The significance of the Reformation is completely devalued and subordinated to humanism. The Reformation and the Reformers’ view of sola scriptura — the Bible as the sole basis for Christian truth — is thrown out completely. Everything the Reformation stood for is swallowed up in a morass of synthesis and relativity.
An apropos word from the late Dr. Francis Schaeffer from my reading this morning shows how the Emerging/Emergent muddle has been a long time in coming to where we are today. An excerpt from his 1984 book, The Great Evangelical Disaster is what follows:
“But there are those within evangelical circles today who would, under the guise of scholarship, belittle all of this and act as though the Christian consensus was always in a total muddle. Just how far this can be taken may be shown by the example of one Christian historian who carries the muddle all the way back to the Reformation itself. Thus he writes:
[Schaeffer’s] confusion rests on his inability to see Protestantism as the religious form of Renaissance humanism. To be sure, Protestants said that their consciences were informed by the Bible, on which authority alone rested (“sola scriptura”). Yet we all know of Protestant inability to agree on what the Bible said, or even on what kind of a book it is.

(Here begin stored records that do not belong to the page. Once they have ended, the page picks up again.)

(* Let $\kappa$ be a regular uncountable cardinal, $\vec C$ a $C$-sequence over $\kappa$, and let $\rho_0,\rho_2$ be the functions obtained by walking along $\vec C$. Then $T(\rho_0)$ is a special $\kappa$-tree if and only if $T(\rho_2)$ is a special $\kappa$-tree.
   Context: A $C$-sequence over $\kappa$ is $\langle C_\delta\mid\delta<\kappa\rangle$, each $C_\delta$ a closed subset of $\delta$ with $\sup(C_\delta)=\sup(\delta)$. Walks: for $\beta<\gamma<\kappa$, $\mathrm{Tr}(\beta,\gamma)(0)=\gamma$, and $\mathrm{Tr}(\beta,\gamma)(n)=\min(C_{\mathrm{Tr}(\beta,\gamma)(n-1)}\setminus\beta)$ if $\mathrm{Tr}(\beta,\gamma)(n-1)>\beta$, else $\beta$; $\rho_2(\beta,\gamma)$ is the least $l$ with $\mathrm{Tr}(\beta,\gamma)(l)=\beta$; $\rho_0(\beta,\gamma)=\langle\mathrm{otp}(C_{\mathrm{Tr}(\beta,\gamma)(n)}\cap\beta)\mid n<\rho_2(\beta,\gamma)\rangle$. For $c\in\{\rho_0,\rho_2\}$, $T(c)=\{c_\delta\restriction\gamma\mid\gamma\le\delta<\kappa\}$ ordered by $\subseteq$, where $c_\delta(\xi)=c(\xi,\delta)$ for $\xi<\delta$. A $\kappa$-tree is a tree of height $\kappa$ with all levels of size $<\kappa$. A $\kappa$-tree $(T,<_T)$ is special iff there is $f:T\to T$ with $f(x)<_Tx$ for every non-minimal $x$ and each $f^{-1}\{z\}$ covered by fewer than $\kappa$ antichains. *)

theory Defs
  imports Main "HOL-Library.Countable_Set"
begin

(* kappa is represented by a well-ordered type 'k whose order type is kappa *)
definition regular_uncountable_cardinal :: "'k::wellorder itself \<Rightarrow> bool" where
  "regular_uncountable_cardinal _ \<longleftrightarrow>
     uncountable (UNIV::'k set) \<and>
     (\<forall>\<delta>::'k. (card_of {..<\<delta>}, card_of (UNIV::'k set)) \<in> ordLess) \<and>
     (\<forall>A::'k set. (card_of A, card_of (UNIV::'k set)) \<in> ordLess \<longrightarrow> (\<exists>\<delta>. \<forall>a\<in>A. a < \<delta>))"

definition is_sup :: "'k::wellorder set \<Rightarrow> 'k \<Rightarrow> bool" where
  "is_sup A \<gamma> \<longleftrightarrow> (\<forall>a\<in>A. a \<le> \<gamma>) \<and> (\<forall>\<eta><\<gamma>. \<exists>a\<in>A. \<eta> < a)"

definition closed_below :: "'k::wellorder set \<Rightarrow> 'k \<Rightarrow> bool" where
  "closed_below D \<delta> \<longleftrightarrow> D \<subseteq> {..<\<delta>} \<and>
     (\<forall>\<gamma><\<delta>. (\<exists>x. x < \<gamma>) \<and> is_sup (D \<inter> {..<\<gamma>}) \<gamma> \<longrightarrow> \<gamma> \<in> D)"

definition C_sequence :: "('k::wellorder \<Rightarrow> 'k set) \<Rightarrow> bool" where
  "C_sequence C \<longleftrightarrow> (\<forall>\<delta>. closed_below (C \<delta>) \<delta> \<and>
      (\<forall>\<gamma>. is_sup (C \<delta>) \<gamma> \<longleftrightarrow> is_sup {..<\<delta>} \<gamma>))"

primrec Tr :: "('k::wellorder \<Rightarrow> 'k set) \<Rightarrow> 'k \<Rightarrow> 'k \<Rightarrow> nat \<Rightarrow> 'k" where
  "Tr C \<beta> \<gamma> 0 = \<gamma>"
| "Tr C \<beta> \<gamma> (Suc n) =
     (if \<beta> < Tr C \<beta> \<gamma> n then (LEAST x. x \<in> C (Tr C \<beta> \<gamma> n) \<and> \<beta> \<le> x) else \<beta>)"

definition rho2 :: "('k::wellorder \<Rightarrow> 'k set) \<Rightarrow> 'k \<Rightarrow> 'k \<Rightarrow> nat" where
  "rho2 C \<beta> \<gamma> = (LEAST l. Tr C \<beta> \<gamma> l = \<beta>)"

definition otp :: "'k::wellorder set \<Rightarrow> 'k" where
  "otp X = (THE \<gamma>. \<exists>f. bij_betw f {..<\<gamma>} X \<and> strict_mono_on {..<\<gamma>} f)"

In his triumphalism, Schaeffer cannot see the ironic and tragic in the Protestant movement, because he refuses to see it as an aspect of the humanist movement itself In his various works Schaeffer repeatedly invokes the Reformation as the answer to the problem of humanism, when in reality it is part of the problem. (Ronald A. Wells, “Francis Schaeffer’s Jeremiad,” Reformed Journal. May 1982, p. 18.)
Do you understand what is being said here? The significance of the Reformation is completely devalued and subordinated to humanism. The Reformation and the Reformers’ view of sola scriptura — the Bible as the sole basis for Christian truth — is thrown out completely. Everything the Reformation stood for is swallowed up in a morass of synthesis and relativity. Exactly the same line is taken by the relativistic, non-Christian, secularized historians of our day. This is not a dispute over the facts of history; in fact, many non-Christian historians would disagree with this radically disparaging view of Reformation ideas. What we have here is the infiltration of thoroughly secularized thinking presented as if it were evangelical scholarship. Yes, we must stand against those who would naively baptize all in the past and that would wrap Christianity in the country’s flag. But we must equally stand against those who would accommodate to the world spirit of this age under the guise of scholarship, and in the process not only distort the facts of history but Christian truth as well.”
Dr. Francis A. Schaeffer, 1984, The Great Evangelical Disaster, Part Three Names and Issues, Chapter 5 Forms of the World Spirit, The Devaluation Of History, pages 117 & 118.